If the auxiliary unit works on ground as I assume it does, then all you have to do is run a wire from that unit and splice it into the wiring harness. I'd do it just forward of the fuel tank selector valve.
0 resistance to ground = "Full"
Infinite resistance to ground = "Empty"
0 resistance to ground = "Full"
Infinite resistance to ground = "Empty"
Low resistance indicates an EMPTY tank; high resistance indicates a FULL tank.
To the OP, what do you mean by "hand"? So the aux tank has a sending unit, but no float/arm? You'd need to know the resistance range of the aux sending unit.
IIRC ~22.5 ohms = empty and ~ 160 ohms = full. Yellow/White wire is the fuel gauge connection you want to tap into is the aux tank sender unit is compatible.
Also it is an aftermarket sending unit it has two wires only so I guess it does work off of ground. Anyone know the ohms that the factory gauge works on I think I can look the one I have in the aux tank back up and find the ohms on it and see if they are compatible or will it WOR with the factory gauge as long as its wired into the factory harness correctly?
OK the one I have in the aux tank says its 32 to 240 ohms if that helps.
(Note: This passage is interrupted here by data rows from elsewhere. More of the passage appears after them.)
definition refine :: "('a \<Rightarrow> 'a \<Rightarrow> real \<Rightarrow> 'a) \<Rightarrow> 'a \<Rightarrow> 'a \<Rightarrow> real \<Rightarrow> 'a" where
  "refine \<Gamma> a b =
    (if a \<in> f ` K \<and> b \<in> f ` K then f \<circ> \<Gamma> (inv_into K f a) (inv_into K f b)
     else if a \<in> f ` K then
       (f \<circ> \<Gamma> (inv_into K f a) (inv_into K f p)) +++ linepath p q +++
       (g \<circ> \<Gamma> (inv_into K g q) (inv_into K g b))
     else if b \<in> f ` K then
       (g \<circ> \<Gamma> (inv_into K g a) (inv_into K g q)) +++ linepath q p +++
       (f \<circ> \<Gamma> (inv_into K f p) (inv_into K f b))
     else g \<circ> \<Gamma> (inv_into K g a) (inv_into K g b))"

lemma refine_cases:
  assumes "a \<in> K" "b \<in> K"
  obtains
    "\<And>\<Gamma>. refine \<Gamma> a b = f \<circ> \<Gamma> (inv_into K f a) (inv_into K f b)"
      "a \<in> f ` K" "b \<in> f ` K"
  | "\<And>\<Gamma>. refine \<Gamma> a b = (f \<circ> \<Gamma> (inv_into K f a) (inv_into K f p)) +++ linepath p q +++
        (g \<circ> \<Gamma> (inv_into K g q) (inv_into K g b))"
      "a \<in> f ` K" "b \<in> g ` K"
  | "\<And>\<Gamma>. refine \<Gamma> a b = (g \<circ> \<Gamma> (inv_into K g a) (inv_into K g q)) +++ linepath q p +++
        (f \<circ> \<Gamma> (inv_into K f p) (inv_into K f b))"
      "a \<in> g ` K" "b \<in> f ` K"
  | "\<And>\<Gamma>. refine \<Gamma> a b = g \<circ> \<Gamma> (inv_into K g a) (inv_into K g b)"
      "a \<in> g ` K" "b \<in> g ` K"
  using assms g_image_if_not_f_image unfolding refine_def by metis

lemma refine_path:
  assumes "\<And>a b. a \<in> K \<Longrightarrow> b \<in> K \<Longrightarrow> path (\<Gamma> a b) \<and> pathstart (\<Gamma> a b) = a \<and> pathfinish (\<Gamma> a b) = b"
    and "a \<in> K" "b \<in> K"
  shows "path (refine \<Gamma> a b) \<and> pathstart (refine \<Gamma> a b) = a \<and> pathfinish (refine \<Gamma> a b) = b"
proof -
  have image_path: "path (h \<circ> \<Gamma> (inv_into K h x) (inv_into K h y)) \<and>
      pathstart (h \<circ> \<Gamma> (inv_into K h x) (inv_into K h y)) = x \<and>
      pathfinish (h \<circ> \<Gamma> (inv_into K h x) (inv_into K h y)) = y"
    if "h = f \<or> h = g" "x \<in> h ` K" "y \<in> h ` K" for h x y
  proof -
    have pre: "inv_into K h x \<in> K" "inv_into K h y \<in> K" "h (inv_into K h x) = x" "h (inv_into K h y) = y"
      using that(2,3) by (simp_all add: inv_into_into f_inv_into_f)
    have "continuous_on S h" for S using that(1) continuous_on_f continuous_on_g by blast
    then show ?thesis
      using assms(1)[OF pre(1,2)] pre(3,4) by (simp add: path_continuous_image pathstart_compose pathfinish_compose)
  qed
  show ?thesis
    using assms(2,3) by (cases rule: refine_cases)
      (use image_path p_in_f_image q_in_g_image in simp_all)
qed
(* Let $R=kQ/I$ be a string algebra with no DOZE, and suppose $Q$ has a band having at least one entering arrow $\beta$ and at least one exiting arrow $\alpha$. Then $(Q,I)$ has no double-zero.
   Context: A string algebra is $R=kQ/I$ with $I$ generated by paths, each vertex having at most two incoming and two outgoing arrows, and for each arrow $\alpha:x\to y$ at most one arrow $\beta$ from $y$ with $\alpha\beta\notin I$ and at most one arrow $\gamma$ into $x$ with $\gamma\alpha\notin I$ (paths composed left to right). A walk is a sequence of arrows and inverse arrows, reduced if no subwalk $\alpha\alpha^{-1}$ or $\alpha^{-1}\alpha$. A string is a reduced walk containing no zero-relation; a band is a cyclic string, not a power of another cyclic string, all of whose powers are strings. An arrow entering (resp. exiting) a band is an arrow not on the band whose target (resp. source) lies on the band. A double-zero is a reduced walk $\rho_1\nu\rho_2$ with $\rho_1,\rho_2$ zero-relations (paths in $I$) traversed along their arrows and $\nu$ a walk; a DOZE is a double-zero $\rho_1\omega_1\omega_2\omega_3\rho_2$ with $\omega_1,\omega_3$ walks and $\omega_2$ a band. *)

theory Defs
  imports Main "HOL-Library.Sublist"
begin

(* A bound quiver (Q, I): vertices, arrows, source/target maps, and the set of
   paths generating the monomial ideal I.  Paths are lists of arrows composed
   left to right. *)
record ('v, 'a) bquiver =
  verts :: "'v set"
  arrs  :: "'a set"
  src   :: "'a \<Rightarrow> 'v"
  tgt   :: "'a \<Rightarrow> 'v"
  rels  :: "'a list set"

datatype 'a letter = Dir 'a | Inv 'a

fun arr_of :: "'a letter \<Rightarrow> 'a" where
  "arr_of (Dir a) = a" | "arr_of (Inv a) = a"

fun inv_letter :: "'a letter \<Rightarrow> 'a letter" where
  "inv_letter (Dir a) = Inv a" | "inv_letter (Inv a) = Dir a"

fun lsrc :: "('v, 'a, 'z) bquiver_scheme \<Rightarrow> 'a letter \<Rightarrow> 'v" where
  "lsrc Q (Dir a) = src Q a" | "lsrc Q (Inv a) = tgt Q a"

fun ltgt :: "('v, 'a, 'z) bquiver_scheme \<Rightarrow> 'a letter \<Rightarrow> 'v" where
  "ltgt Q (Dir a) = tgt Q a" | "ltgt Q (Inv a) = src Q a"

definition inv_walk :: "'a letter list \<Rightarrow> 'a letter list" where
  "inv_walk w = rev (map inv_letter w)"

definition is_path :: "('v, 'a, 'z) bquiver_scheme \<Rightarrow> 'a list \<Rightarrow> bool" where
  "is_path Q p \<longleftrightarrow> p \<noteq> [] \<and> set p \<subseteq> arrs Q \<and>
     (\<forall>i. Suc i < length p \<longrightarrow> tgt Q (p ! i) = src Q (p ! Suc i))"

(* a path lies in the ideal I generated by the paths rels Q iff it contains
   one of the generating paths as a subpath *)
definition in_I :: "('v, 'a, 'z) bquiver_scheme \<Rightarrow> 'a list \<Rightarrow> bool" where
  "in_I Q p \<longleftrightarrow> is_path Q p \<and> (\<exists>r \<in> rels Q. sublist r p)"

(* a walk: sequence of arrows and inverse arrows, consecutive letters composable
   (the empty list represents a trivial walk) *)
definition is_walk :: "('v, 'a, 'z) bquiver_scheme \<Rightarrow> 'a letter list \<Rightarrow> bool" where
  "is_walk Q w \<longleftrightarrow> arr_of ` set w \<subseteq> arrs Q \<and>
     (\<forall>i. Suc i < length w \<longrightarrow> ltgt Q (w ! i) = lsrc Q (w ! Suc i))"

definition reduced :: "'a letter list \<Rightarrow> bool" where
  "reduced w \<longleftrightarrow> (\<forall>i. Suc i < length w \<longrightarrow> w ! Suc i \<noteq> inv_letter (w ! i))"

definition contains_zero :: "('v, 'a, 'z) bquiver_scheme \<Rightarrow> 'a letter list \<Rightarrow> bool" where
  "contains_zero Q w \<longleftrightarrow> (\<exists>p. in_I Q p \<and>
     (sublist (map Dir p) w \<or> sublist (inv_walk (map Dir p)) w))"

definition is_string :: "('v, 'a, 'z) bquiver_scheme \<Rightarrow> 'a letter list \<Rightarrow> bool" where
  "is_string Q w \<longleftrightarrow> is_walk Q w \<and> reduced w \<and> \<not> contains_zero Q w"

definition is_band :: "('v, 'a, 'z) bquiver_scheme \<Rightarrow> 'a letter list \<Rightarrow> bool" where
  "is_band Q b \<longleftrightarrow> b \<noteq> [] \<and> is_string Q b \<and> ltgt Q (last b) = lsrc Q (hd b) \<and>
     (\<forall>n\<ge>1. is_string Q (concat (replicate n b))) \<and>
     \<not> (\<exists>c k. k \<ge> 2 \<and> b = concat (replicate k c))"

definition band_vertices :: "('v, 'a, 'z) bquiver_scheme \<Rightarrow> 'a letter list \<Rightarrow> 'v set" where
  "band_vertices Q b = lsrc Q ` set b"

definition entering_arrow :: "('v, 'a, 'z) bquiver_scheme \<Rightarrow> 'a letter list \<Rightarrow> 'a \<Rightarrow> bool" where
  "entering_arrow Q b \<beta> \<longleftrightarrow> \<beta> \<in> arrs Q \<and> \<beta> \<notin> arr_of ` set b \<and> tgt Q \<beta> \<in> band_vertices Q b"

definition exiting_arrow :: "('v, 'a, 'z) bquiver_scheme \<Rightarrow> 'a letter list \<Rightarrow> 'a \<Rightarrow> bool" where
  "exiting_arrow Q b \<alpha> \<longleftrightarrow> \<alpha> \<in> arrs Q \<and> \<alpha> \<notin> arr_of ` set b \<and> src Q \<alpha> \<in> band_vertices Q b"

definition is_double_zero :: "('v, 'a, 'z) bquiver_scheme \<Rightarrow> 'a letter list \<Rightarrow> bool" where
  "is_double_zero Q w \<longleftrightarrow> is_walk Q w \<and> reduced w \<and>
     (\<exists>\<rho>1 \<nu> \<rho>2. in_I Q \<rho>1 \<and> in_I Q \<rho>2 \<and> w = map Dir \<rho>1 @ \<nu> @ map Dir \<rho>2)"

definition is_DOZE :: "('v, 'a, 'z) bquiver_scheme \<Rightarrow> 'a letter list \<Rightarrow> bool" where
  "is_DOZE Q w \<longleftrightarrow> is_walk Q w \<and> reduced w \<and>
     (\<exists>\<rho>1 \<omega>1 \<omega>2 \<omega>3 \<rho>2. in_I Q \<rho>1 \<and> in_I Q \<rho>2 \<and> is_band Q \<omega>2 \<and>
        w = map Dir \<rho>1 @ \<omega>1 @ \<omega>2 @ \<omega>3 @ map Dir \<rho>2)"

definition string_algebra :: "('v, 'a, 'z) bquiver_scheme \<Rightarrow> bool" where
  "string_algebra Q \<longleftrightarrow>
     finite (verts Q) \<and> finite (arrs Q) \<and>
     (\<forall>a \<in> arrs Q. src Q a \<in> verts Q \<and> tgt Q a \<in> verts Q) \<and>
     (\<forall>r \<in> rels Q. is_path Q r \<and> length r \<ge> 2) \<and>
     (\<forall>x \<in> verts Q. card {a \<in> arrs Q. tgt Q a = x} \<le> 2 \<and> card {a \<in> arrs Q. src Q a = x} \<le> 2) \<and>
     (\<forall>\<alpha> \<in> arrs Q. card {\<beta> \<in> arrs Q. src Q \<beta> = tgt Q \<alpha> \<and> \<not> in_I Q [\<alpha>, \<beta>]} \<le> 1) \<and>
     (\<forall>\<alpha> \<in> arrs Q. card {\<gamma> \<in> arrs Q. tgt Q \<gamma> = src Q \<alpha> \<and> \<not> in_I Q [\<gamma>, \<alpha>]} \<le> 1)"

definition connected_quiver :: "('v, 'a, 'z) bquiver_scheme \<Rightarrow> bool" where
  "connected_quiver Q \<longleftrightarrow> (\<forall>u \<in> verts Q. \<forall>v \<in> verts Q.
     (\<lambda>x y. \<exists>a \<in> arrs Q. (src Q a = x \<and> tgt Q a = y) \<or> (src Q a = y \<and> tgt Q a = x))\<^sup>*\<^sup>* u v)"
lemma d_GED_T_ord_T_rps:
  "d_GED (T_ord_V (2 * m + 1)) (T_ord_E (2 * m + 1)) (T_rps_V (2 * m + 1)) (T_rps_E (2 * m + 1))
    = card (long_edges m)"
proof (rule d_GED_eqI)
  show "long_edges m \<subseteq> T_ord_E (2 * m + 1)"
    unfolding long_edges_def by blast
  show "tourn_iso (T_ord_V (2 * m + 1)) (reverse_edges (T_ord_E (2 * m + 1)) (long_edges m))
      (T_rps_V (2 * m + 1)) (T_rps_E (2 * m + 1))"
    by (rule tourn_iso_reverse_long_edges)
next
  fix F assume "F \<subseteq> T_ord_E (2 * m + 1)" and "tourn_iso (T_ord_V (2 * m + 1))
      (reverse_edges (T_ord_E (2 * m + 1)) F) (T_rps_V (2 * m + 1)) (T_rps_E (2 * m + 1))"
  then have "m * (m + 1) \<le> 2 * card F"
    by (rule card_reversed_edges_T_ord_T_rps_ge)
  then show "card (long_edges m) \<le> card F"
    using card_long_edges[of m] by simp
qed

theorem proposition1:
  fixes n :: nat
  assumes "odd n" and "n > 0"
  shows "8 * d_GED (T_ord_V n) (T_ord_E n) (T_rps_V n) (T_rps_E n) = n ^ 2 - 1"
proof -
  obtain m where n: "n = 2 * m + 1"
    using assms(1) oddE by blast
  have "n ^ 2 - 1 = 4 * (m * (m + 1))"
    unfolding n by (simp add: power2_eq_square algebra_simps)
  then show ?thesis
    using d_GED_T_ord_T_rps[of m] card_long_edges[of m] unfolding n by simp
qed

end
(* Let $n,r\ge 1$ be integers. If $G(n,r)$ has a vertex $v$ all of whose positive entries equal $1$, then the maximum degree of $G(n,r)$ satisfies $\Delta(G(n,r))=d(v)=\frac{nr(nr-2r+1)}{2}$.
   Context: For integers $n,r\ge 1$, $G(n,r)$ is the simple undirected graph whose vertices are the $n\times n$ matrices with non-negative integer entries all of whose row sums and column sums equal $r$. Let $e_{ij}$ be the $n\times n$ matrix with a $1$ in position $(i,j)$ and $0$ elsewhere, and let $\mathcal{B}=\{\pm(e_{ij}+e_{kl}-e_{il}-e_{kj}) : 1\le i<k\le n,\ 1\le j<l\le n\}$. Two vertices $u,v$ are adjacent iff $u-v\in\mathcal{B}$. $d(v)$ denotes the degree of $v$ and $\Delta(G)$ the maximum degree of $G$. *)

theory Defs
  imports Complex_Main
begin

text \<open>An n x n matrix is represented as a function nat => nat => int whose
entries vanish outside the index range {0..<n} x {0..<n} (indices 0-based).\<close>

definition vertices :: "nat \<Rightarrow> nat \<Rightarrow> (nat \<Rightarrow> nat \<Rightarrow> int) set" where
  "vertices n r = {M. (\<forall>i j. (n \<le> i \<or> n \<le> j) \<longrightarrow> M i j = 0)
      \<and> (\<forall>i j. 0 \<le> M i j)
      \<and> (\<forall>i<n. (\<Sum>j<n. M i j) = int r)
      \<and> (\<forall>j<n. (\<Sum>i<n. M i j) = int r)}"

definition unitm :: "nat \<Rightarrow> nat \<Rightarrow> nat \<Rightarrow> nat \<Rightarrow> int" where
  "unitm i j = (\<lambda>a b. if a = i \<and> b = j then 1 else 0)"

definition moves :: "nat \<Rightarrow> (nat \<Rightarrow> nat \<Rightarrow> int) set" where
  "moves n = {(\<lambda>a b. s * (unitm i j a b + unitm k l a b - unitm i l a b - unitm k j a b))
      | i k j l s. i < k \<and> k < n \<and> j < l \<and> l < n \<and> (s = 1 \<or> s = -1)}"

definition adj :: "nat \<Rightarrow> nat \<Rightarrow> (nat \<Rightarrow> nat \<Rightarrow> int) \<Rightarrow> (nat \<Rightarrow> nat \<Rightarrow> int) \<Rightarrow> bool" where
  "adj n r u v \<longleftrightarrow> u \<in> vertices n r \<and> v \<in> vertices n r \<and> (\<lambda>a b. u a b - v a b) \<in> moves n"

definition degree :: "nat \<Rightarrow> nat \<Rightarrow> (nat \<Rightarrow> nat \<Rightarrow> int) \<Rightarrow> nat" where
  "degree n r v = card {u \<in> vertices n r. adj n r u v}"

definition max_degree :: "nat \<Rightarrow> nat \<Rightarrow> nat" where
  "max_degree n r = Max (degree n r ` vertices n r)"

end

theory Submission
  imports Defs "HOL-Analysis.Convex"
begin

(* A neighbour of w is w - D, where D = e_ij + e_kl - e_il - e_kj (i < k, j <> l) and the cells
   (i,j), (k,l) lie in the support of w.  Hence d(w) is the number of unordered pairs of support
   cells in different rows and different columns ("independent pairs"), and 2 d(w) is the number
   of ordered such pairs.

   For a set S of s cells in an n x n grid with row counts a_i and column counts b_j,
   inclusion-exclusion over same-row and same-column pairs gives
        #ordered independent pairs = s^2 + s - sum a_i^2 - sum b_j^2.
   By Cauchy-Schwarz, sum a_i^2 >= s^2/n and sum b_j^2 >= s^2/n, so n * 2 d(w) <= (n-2) s^2 + n s,
   and s <= nr gives 2 d(w) <= nr(nr - 2r + 1) when n >= 2.  A 0/1 vertex has a_i = b_j = r and
   s = nr, so it attains the bound exactly, and is therefore of maximum degree. *)

lemma square_sum_le_card_times_sum_squares:
  fixes x :: "'a \<Rightarrow> real"
  shows "(\<Sum>i\<in>I. x i)\<^sup>2 \<le> real (card I) * (\<Sum>i\<in>I. (x i)\<^sup>2)"
  using Cauchy_Schwarz_ineq_sum[of x "\<lambda>_. 1" I] by (simp add: mult.commute)

lemma card_eq_sum_card_fibres:
  assumes "finite A" "finite T" "f ` A \<subseteq> T"
  shows "card A = (\<Sum>y\<in>T. card {x \<in> A. f x = y})"
  using sum.group[OF assms, of "\<lambda>_. 1 :: nat"] by simp

lemma card_positive_le_sum:
  fixes f :: "'a \<Rightarrow> int"
  assumes "finite A" "\<And>x. x \<in> A \<Longrightarrow> 0 \<le> f x"
  shows "int (card {x \<in> A. 0 < f x}) \<le> sum f A"
proof -
  have "int (card {x \<in> A. 0 < f x}) = (\<Sum>x\<in>A. if 0 < f x then 1 else 0)"
    using sum.inter_filter[OF assms(1), of "\<lambda>_. 1 :: int"] by simp
  also have "\<dots> \<le> sum f A" using assms(2) by (intro sum_mono) auto
  finally show ?thesis .
qed

lemma card_positive_eq_sum:
  fixes f :: "'a \<Rightarrow> int"
  assumes "finite A" "\<And>x. x \<in> A \<Longrightarrow> f x = 0 \<or> f x = 1"
  shows "int (card {x \<in> A. 0 < f x}) = sum f A"
proof -
  have "int (card {x \<in> A. 0 < f x}) = (\<Sum>x\<in>A. if 0 < f x then 1 else 0)"
    using sum.inter_filter[OF assms(1), of "\<lambda>_. 1 :: int"] by simp
  also have "\<dots> = sum f A" by (intro sum.cong refl) (use assms(2) in fastforce)
  finally show ?thesis .
qed

definition row_cells :: "(nat \<times> nat) set \<Rightarrow> nat \<Rightarrow> (nat \<times> nat) set" where
  "row_cells S i = {c \<in> S. fst c = i}"

definition col_cells :: "(nat \<times> nat) set \<Rightarrow> nat \<Rightarrow> (nat \<times> nat) set" where
  "col_cells S j = {c \<in> S. snd c = j}"

definition independent_pairs :: "(nat \<times> nat) set \<Rightarrow> ((nat \<times> nat) \<times> (nat \<times> nat)) set" where
  "independent_pairs S = {(c, d) \<in> S \<times> S. fst c \<noteq> fst d \<and> snd c \<noteq> snd d}"

(* Independent pairs oriented so that the first cell lies in the upper row; each unordered
   independent pair is represented exactly once. *)
definition swap_pairs :: "(nat \<times> nat) set \<Rightarrow> ((nat \<times> nat) \<times> (nat \<times> nat)) set" where
  "swap_pairs S = {(c, d) \<in> independent_pairs S. fst c < fst d}"

lemma card_independent_pairs:
  assumes "finite S"
  shows "card (independent_pairs S) = 2 * card (swap_pairs S)"
proof -
  let ?flip = "\<lambda>(c :: nat \<times> nat, d :: nat \<times> nat). (d, c)"
  have fin: "finite (swap_pairs S)"
    by (rule finite_subset[of _ "S \<times> S"]) (auto simp: swap_pairs_def independent_pairs_def assms)
  have split: "independent_pairs S = swap_pairs S \<union> ?flip ` swap_pairs S"
    by (auto simp: independent_pairs_def swap_pairs_def image_iff)
  have "card (swap_pairs S \<union> ?flip ` swap_pairs S) = card (swap_pairs S) + card (?flip ` swap_pairs S)"
    by (rule card_Un_disjoint[OF fin finite_imageI[OF fin]]) (auto simp: swap_pairs_def)
  moreover have "card (?flip ` swap_pairs S) = card (swap_pairs S)"
    by (rule card_image) (auto simp: inj_on_def)
  ultimately show ?thesis using split by simp
qed

lemma card_eq_sum_row_cells:
  assumes "S \<subseteq> {..<n} \<times> {..<n}"
  shows "card S = (\<Sum>i<n. card (row_cells S i))"
  unfolding row_cells_def
  by (rule card_eq_sum_card_fibres) (use assms in \<open>auto intro: finite_subset\<close>)

lemma card_eq_sum_col_cells:
  assumes "S \<subseteq> {..<n} \<times> {..<n}"
  shows "card S = (\<Sum>j<n. card (col_cells S j))"
  unfolding col_cells_def
  by (rule card_eq_sum_card_fibres) (use assms in \<open>auto intro: finite_subset\<close>)

(* Inclusion-exclusion: S x S splits into the independent pairs and the pairs sharing a row or
   a column; pairs sharing both are the diagonal pairs (c, c). *)
lemma independent_pairs_count:
  assumes S: "S \<subseteq> {..<n} \<times> {..<n}"
  shows "card (independent_pairs S) + (\<Sum>i<n. (card (row_cells S i))\<^sup>2) + (\<Sum>j<n. (card (col_cells S j))\<^sup>2)
    = (card S)\<^sup>2 + card S"
proof -
  have fin: "finite S" using S by (rule finite_subset) simp
  define R where "R = {(c, d) \<in> S \<times> S. fst c = fst d}"
  define C where "C = {(c, d) \<in> S \<times> S. snd c = snd d}"
  have fin_RC: "finite R" "finite C"
    by (rule finite_subset[of _ "S \<times> S"], auto simp: R_def C_def fin)+
  have card_R: "card R = (\<Sum>i<n. (card (row_cells S i))\<^sup>2)"
  proof -
    have "card R = (\<Sum>i<n. card {p \<in> R. fst (fst p) = i})"
      by (rule card_eq_sum_card_fibres) (use S fin_RC in \<open>auto simp: R_def\<close>)
    also have "\<dots> = (\<Sum>i<n. card (row_cells S i \<times> row_cells S i))"
      by (intro sum.cong refl arg_cong[where f = card]) (auto simp: R_def row_cells_def)
    finally show ?thesis by (simp add: card_cartesian_product power2_eq_square)
  qed
  have card_C: "card C = (\<Sum>j<n. (card (col_cells S j))\<^sup>2)"
  proof -
    have "card C = (\<Sum>j<n. card {p \<in> C. snd (fst p) = j})"
      by (rule card_eq_sum_card_fibres) (use S fin_RC in \<open>auto simp: C_def\<close>)
    also have "\<dots> = (\<Sum>j<n. card (col_cells S j \<times> col_cells S j))"
      by (intro sum.cong refl arg_cong[where f = card]) (auto simp: C_def col_cells_def)
    finally show ?thesis by (simp add: card_cartesian_product power2_eq_square)
  qed
  have "card (R \<inter> C) = card S"
  proof -
    have "R \<inter> C = (\<lambda>c. (c, c)) ` S" by (auto simp: R_def C_def prod_eq_iff)
    then show ?thesis by (simp add: card_image inj_on_def)
  qed
  then have card_RC: "card (R \<union> C) + card S = card R + card C"
    using card_Un_Int[OF fin_RC] by simp
  have fin_I: "finite (independent_pairs S)"
    by (rule finite_subset[of _ "S \<times> S"]) (auto simp: independent_pairs_def fin)
  have "(card S)\<^sup>2 = card (S \<times> S)"
    by (simp add: card_cartesian_product power2_eq_square)
  also have "S \<times> S = independent_pairs S \<union> (R \<union> C)"
    by (auto simp: independent_pairs_def R_def C_def)
  also have "card \<dots> = card (independent_pairs S) + card (R \<union> C)"
    by (rule card_Un_disjoint[OF fin_I finite_UnI[OF fin_RC]])
       (auto simp: independent_pairs_def R_def C_def)
  finally have card_SS: "(card S)\<^sup>2 = card (independent_pairs S) + card (R \<union> C)" .
  show ?thesis
    unfolding card_R[symmetric] card_C[symmetric] using card_SS card_RC by linarith
qed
Probably not. See Hussler's post ^^^^^; I don't remember the exact numbers, but it's something around what he posted (20-ish empty, 150-ish full). So if that 32-240 range is 32 full, 240 empty, it DEFinitely won't work. If it 32 empty, 240 full, then it will give you a ball park, but it wil probably read way past full (over 150 ohms) until it's getting close to half, and then the gauge will start to drop fast.
IIRC, the sending units are just clipped onto the return pipes on the OEM assemblies. I wonder you could remove one from one of them that you're decommissioning, and somehow incorporate it into the pickup assembly on the aux tank, just with a longer arm for the float.